[[ Input for this task open ]]
(*
  For the perturbed system the interval I = [0, 3\<epsilon>/2] lies in the half-line where f1 is
  x/5, so each cylinder image of I is an interval of length (3\<epsilon>/2) times the product of the
  ratios 1/5, 1/3 along the word; the pressure is ln ((1/5)^s + (1/3)^s), with zero s0.
  Without the shift the attractor is {0} and I = [-1/2, 1/2]; the cylinder images have
  length between one half and one times the product of the ratios 2/5, 1/3, which are the
  exact slopes on the negative half-line and Lipschitz bounds everywhere. The pressure is
  then ln ((2/5)^s + (1/3)^s), whose zero lies strictly above s0.
*)

lemma word_map_Nil [simp]: "word_map fs [] = id"
  by (simp add: word_map_def)

lemma word_map_Cons [simp]: "word_map fs (i # w) = (fs ! i) \<circ> word_map fs w"
  by (simp add: word_map_def)

lemma words_Suc: "words m (Suc n) = (\<lambda>(i, w). i # w) ` ({..<m} \<times> words m n)"
proof
  show "words m (Suc n) \<subseteq> (\<lambda>(i, w). i # w) ` ({..<m} \<times> words m n)"
  proof
    fix x assume "x \<in> words m (Suc n)"
    then obtain i w where "x = i # w" "i < m" "w \<in> words m n"
      by (cases x) (auto simp: words_def)
    then show "x \<in> (\<lambda>(i, w). i # w) ` ({..<m} \<times> words m n)" by force
  qed
qed (auto simp: words_def)

lemma sum_words_prod_list:
  fixes g :: "nat \<Rightarrow> 'a :: comm_semiring_1"
  shows "(\<Sum>w\<in>words m n. prod_list (map g w)) = (\<Sum>i<m. g i) ^ n"
proof (induction n)
  case 0
  have "words m 0 = {[]}" by (auto simp: words_def)
  then show ?case by simp
next
  case (Suc n)
  have inj: "inj_on (\<lambda>(i, w). i # w) ({..<m} \<times> words m n)" by (auto simp: inj_on_def)
  have "(\<Sum>w\<in>words m (Suc n). prod_list (map g w))
      = (\<Sum>i<m. \<Sum>w\<in>words m n. g i * prod_list (map g w))"
    unfolding words_Suc sum.reindex[OF inj] sum.cartesian_product by (simp add: split_def)
  also have "\<dots> = (\<Sum>i<m. g i) * (\<Sum>w\<in>words m n. prod_list (map g w))"
    by (rule sum_product[symmetric])
  finally show ?case using Suc by simp
qed

lemma prod_list_pos:
  fixes g :: "nat \<Rightarrow> 'a :: linordered_semidom"
  assumes "\<And>i. i \<in> set w \<Longrightarrow> 0 < g i"
  shows "0 < prod_list (map g w)"
  using assms by (induction w) auto

lemma prod_list_powr:
  fixes g :: "nat \<Rightarrow> real"
  assumes "\<And>i. i \<in> set w \<Longrightarrow> 0 < g i"
  shows "prod_list (map g w) powr s = prod_list (map (\<lambda>i. g i powr s) w)"
  using assms
proof (induction w)
  case (Cons i w)
  then have "0 < prod_list (map g w)" by (intro prod_list_pos) auto
  with Cons show ?case by (simp add: powr_mult less_imp_le)
qed simp

lemma word_map_mem:
  assumes "\<And>i. i < length fs \<Longrightarrow> (fs ! i) ` J \<subseteq> J"
    and "set w \<subseteq> {..<length fs}" "x \<in> J"
  shows "word_map fs w x \<in> J"
  using assms(2) by (induction w) (use assms in auto)

lemma word_map_dist_bounds:
  assumes inv: "\<And>i. i < length fs \<Longrightarrow> (fs ! i) ` J \<subseteq> J"
    and bounds: "\<And>i x y. i < length fs \<Longrightarrow> x \<in> J \<Longrightarrow> y \<in> J \<Longrightarrow>
        l i * \<bar>x - y\<bar> \<le> \<bar>(fs ! i) x - (fs ! i) y\<bar> \<and> \<bar>(fs ! i) x - (fs ! i) y\<bar> \<le> L i * \<bar>x - y\<bar>"
    and nonneg: "\<And>i. i < length fs \<Longrightarrow> 0 \<le> l i \<and> 0 \<le> L i"
    and w: "set w \<subseteq> {..<length fs}" and "x \<in> J" "y \<in> J"
  shows "prod_list (map l w) * \<bar>x - y\<bar> \<le> \<bar>word_map fs w x - word_map fs w y\<bar>
       \<and> \<bar>word_map fs w x - word_map fs w y\<bar> \<le> prod_list (map L w) * \<bar>x - y\<bar>"
  using w
proof (induction w)
  case (Cons i w)
  let ?d = "\<bar>word_map fs w x - word_map fs w y\<bar>"
  have i: "i < length fs" and IH: "prod_list (map l w) * \<bar>x - y\<bar> \<le> ?d \<and> ?d \<le> prod_list (map L w) * \<bar>x - y\<bar>"
    using Cons by auto
  have "word_map fs w x \<in> J" "word_map fs w y \<in> J"
    using word_map_mem[OF inv] Cons.prems \<open>x \<in> J\<close> \<open>y \<in> J\<close> by auto
  then have step: "l i * ?d \<le> \<bar>word_map fs (i # w) x - word_map fs (i # w) y\<bar>
      \<and> \<bar>word_map fs (i # w) x - word_map fs (i # w) y\<bar> \<le> L i * ?d"
    using bounds[OF i] by simp
  have "l i * (prod_list (map l w) * \<bar>x - y\<bar>) \<le> l i * ?d"
    using IH nonneg[OF i] by (intro mult_left_mono) auto
  moreover have "L i * ?d \<le> L i * (prod_list (map L w) * \<bar>x - y\<bar>)"
    using IH nonneg[OF i] by (intro mult_left_mono) auto
  ultimately show ?case using step by (simp add: mult.assoc)
qed simp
[[ Input for this task closed ]]
» Required action: Give back each entry so that it matches the original word for word.

» Answer to the exercise:
(*
  For the perturbed system the interval I = [0, 3\<epsilon>/2] lies in the half-line where f1 is
  x/5, so each cylinder image of I is an interval of length (3\<epsilon>/2) times the product of the
  ratios 1/5, 1/3 along the word; the pressure is ln ((1/5)^s + (1/3)^s), with zero s0.
  Without the shift the attractor is {0} and I = [-1/2, 1/2]; the cylinder images have
  length between one half and one times the product of the ratios 2/5, 1/3, which are the
  exact slopes on the negative half-line and Lipschitz bounds everywhere. The pressure is
  then ln ((2/5)^s + (1/3)^s), whose zero lies strictly above s0.
*)

lemma word_map_Nil [simp]: "word_map fs [] = id"
  by (simp add: word_map_def)

lemma word_map_Cons [simp]: "word_map fs (i # w) = (fs ! i) \<circ> word_map fs w"
  by (simp add: word_map_def)

lemma words_Suc: "words m (Suc n) = (\<lambda>(i, w). i # w) ` ({..<m} \<times> words m n)"
proof
  show "words m (Suc n) \<subseteq> (\<lambda>(i, w). i # w) ` ({..<m} \<times> words m n)"
  proof
    fix x assume "x \<in> words m (Suc n)"
    then obtain i w where "x = i # w" "i < m" "w \<in> words m n"
      by (cases x) (auto simp: words_def)
    then show "x \<in> (\<lambda>(i, w). i # w) ` ({..<m} \<times> words m n)" by force
  qed
qed (auto simp: words_def)

lemma sum_words_prod_list:
  fixes g :: "nat \<Rightarrow> 'a :: comm_semiring_1"
  shows "(\<Sum>w\<in>words m n. prod_list (map g w)) = (\<Sum>i<m. g i) ^ n"
proof (induction n)
  case 0
  have "words m 0 = {[]}" by (auto simp: words_def)
  then show ?case by simp
next
  case (Suc n)
  have inj: "inj_on (\<lambda>(i, w). i # w) ({..<m} \<times> words m n)" by (auto simp: inj_on_def)
  have "(\<Sum>w\<in>words m (Suc n). prod_list (map g w))
      = (\<Sum>i<m. \<Sum>w\<in>words m n. g i * prod_list (map g w))"
    unfolding words_Suc sum.reindex[OF inj] sum.cartesian_product by (simp add: split_def)
  also have "\<dots> = (\<Sum>i<m. g i) * (\<Sum>w\<in>words m n. prod_list (map g w))"
    by (rule sum_product[symmetric])
  finally show ?case using Suc by simp
qed

lemma prod_list_pos:
  fixes g :: "nat \<Rightarrow> 'a :: linordered_semidom"
  assumes "\<And>i. i \<in> set w \<Longrightarrow> 0 < g i"
  shows "0 < prod_list (map g w)"
  using assms by (induction w) auto

lemma prod_list_powr:
  fixes g :: "nat \<Rightarrow> real"
  assumes "\<And>i. i \<in> set w \<Longrightarrow> 0 < g i"
  shows "prod_list (map g w) powr s = prod_list (map (\<lambda>i. g i powr s) w)"
  using assms
proof (induction w)
  case (Cons i w)
  then have "0 < prod_list (map g w)" by (intro prod_list_pos) auto
  with Cons show ?case by (simp add: powr_mult less_imp_le)
qed simp

lemma word_map_mem:
  assumes "\<And>i. i < length fs \<Longrightarrow> (fs ! i) ` J \<subseteq> J"
    and "set w \<subseteq> {..<length fs}" "x \<in> J"
  shows "word_map fs w x \<in> J"
  using assms(2) by (induction w) (use assms in auto)

lemma word_map_dist_bounds:
  assumes inv: "\<And>i. i < length fs \<Longrightarrow> (fs ! i) ` J \<subseteq> J"
    and bounds: "\<And>i x y. i < length fs \<Longrightarrow> x \<in> J \<Longrightarrow> y \<in> J \<Longrightarrow>
        l i * \<bar>x - y\<bar> \<le> \<bar>(fs ! i) x - (fs ! i) y\<bar> \<and> \<bar>(fs ! i) x - (fs ! i) y\<bar> \<le> L i * \<bar>x - y\<bar>"
    and nonneg: "\<And>i. i < length fs \<Longrightarrow> 0 \<le> l i \<and> 0 \<le> L i"
    and w: "set w \<subseteq> {..<length fs}" and "x \<in> J" "y \<in> J"
  shows "prod_list (map l w) * \<bar>x - y\<bar> \<le> \<bar>word_map fs w x - word_map fs w y\<bar>
       \<and> \<bar>word_map fs w x - word_map fs w y\<bar> \<le> prod_list (map L w) * \<bar>x - y\<bar>"
  using w
proof (induction w)
  case (Cons i w)
  let ?d = "\<bar>word_map fs w x - word_map fs w y\<bar>"
  have i: "i < length fs" and IH: "prod_list (map l w) * \<bar>x - y\<bar> \<le> ?d \<and> ?d \<le> prod_list (map L w) * \<bar>x - y\<bar>"
    using Cons by auto
  have "word_map fs w x \<in> J" "word_map fs w y \<in> J"
    using word_map_mem[OF inv] Cons.prems \<open>x \<in> J\<close> \<open>y \<in> J\<close> by auto
  then have step: "l i * ?d \<le> \<bar>word_map fs (i # w) x - word_map fs (i # w) y\<bar>
      \<and> \<bar>word_map fs (i # w) x - word_map fs (i # w) y\<bar> \<le> L i * ?d"
    using bounds[OF i] by simp
  have "l i * (prod_list (map l w) * \<bar>x - y\<bar>) \<le> l i * ?d"
    using IH nonneg[OF i] by (intro mult_left_mono) auto
  moreover have "L i * ?d \<le> L i * (prod_list (map L w) * \<bar>x - y\<bar>)"
    using IH nonneg[OF i] by (intro mult_left_mono) auto
  ultimately show ?case using step by (simp add: mult.assoc)
qed simp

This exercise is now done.